• **WHAT IS NEEDED**
The result should be every line of the listing that holds the word "thesis".

- Opening Delimiter -

lemma tent_norm_SUP_finite:
  fixes G :: "nat \<Rightarrow> 'a::euclidean_space \<times> real \<Rightarrow> ennreal"
  assumes inc: "incseq G" and G: "\<And>k. G k \<in> borel_measurable borel"
    and p: "0 < p" "p \<noteq> \<infinity>" and q: "0 < q" "q \<noteq> \<infinity>"
  shows "tent_norm p q (\<lambda>z. SUP k. G k z) = (SUP k. tent_norm p q (G k))"
proof -
  define P where "P = enn2real p"
  define Q where "Q = enn2real q"
  have P: "0 < P" and Q: "0 < Q" and PQ: "0 < P / Q"
    using p q by (simp_all add: P_def Q_def enn2real_positive_iff top.not_eq_extremum)
  define wt :: "'a \<times> real \<Rightarrow> ennreal" where "wt z = ennreal (1 / snd z ^ (DIM('a) + 1))" for z
  have wt[measurable]: "wt \<in> borel_measurable borel" unfolding wt_def by measurable
  have [measurable]: "G k \<in> borel_measurable lebesgue" "wt \<in> borel_measurable lebesgue"
    "cone x \<in> sets lebesgue" for k x
    using G by (auto intro: borel_measurable_imp_lebesgue sets_borel_imp_lebesgue cone_borel)
  define I where "I k x = (\<integral>\<^sup>+ z. indicator (cone x) z * epow (G k z) Q * wt z \<partial>lebesgue)" for k x
  have tn: "tent_norm p q H = epow (\<integral>\<^sup>+ x. epow (\<integral>\<^sup>+ z. indicator (cone x) z * epow (H z) Q * wt z
      \<partial>lebesgue) (P / Q) \<partial>lebesgue) (1 / P)" for H
    using p q by (simp add: tent_norm_def P_def Q_def wt_def)
  have inner: "(\<integral>\<^sup>+ z. indicator (cone x) z * epow (SUP k. G k z) Q * wt z \<partial>lebesgue) = (SUP k. I k x)" for x
    using nn_integral_epow_SUP[OF inc _ _ Q, of lebesgue "\<lambda>z. indicator (cone x) z * wt z"]
    by (simp add: I_def mult_ac)
  have "I k \<in> borel_measurable borel" for k
  proof -
    have "(\<lambda>x. \<integral>\<^sup>+ z. indicator {(x, z). z \<in> cone x} (x, z) * (epow (G k z) Q * wt z) \<partial>lebesgue)
          \<in> borel_measurable borel"
      by (rule borel_measurable_nn_integral_section[OF cone_graph_borel]) (use G in measurable)
    moreover have "(\<lambda>x. \<integral>\<^sup>+ z. indicator {(x, z). z \<in> cone x} (x, z) * (epow (G k z) Q * wt z) \<partial>lebesgue)
        = I k"
      by (auto simp: I_def fun_eq_iff indicator_def intro!: nn_integral_cong)
    ultimately show ?thesis by simp
  qed
  moreover have "incseq I"
    using inc unfolding I_def
    by (auto simp: incseq_def le_fun_def intro!: nn_integral_mono mult_right_mono mult_left_mono epow_mono[OF Q])
  ultimately have outer: "(\<integral>\<^sup>+ x. epow (SUP k. I k x) (P / Q) \<partial>lebesgue)
      = (SUP k. \<integral>\<^sup>+ x. epow (I k x) (P / Q) \<partial>lebesgue)"
    using nn_integral_epow_SUP[of I lebesgue "\<lambda>_. 1", OF _ borel_measurable_imp_lebesgue _ PQ] by simp
  have "tent_norm p q (\<lambda>z. SUP k. G k z) = epow (\<integral>\<^sup>+ x. epow (SUP k. I k x) (P / Q) \<partial>lebesgue) (1 / P)"
    unfolding tn inner ..
  also have "\<dots> = (SUP k. epow (\<integral>\<^sup>+ x. epow (I k x) (P / Q) \<partial>lebesgue) (1 / P))"
    using P by (simp add: outer epow_SUP image_comp)
  also have "\<dots> = (SUP k. tent_norm p q (G k))"
    unfolding tn I_def ..
  finally show ?thesis .
qed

- Closing Delimiter -

• **EXERCISE ANSWER**
    ultimately show ?thesis by simp
  finally show ?thesis .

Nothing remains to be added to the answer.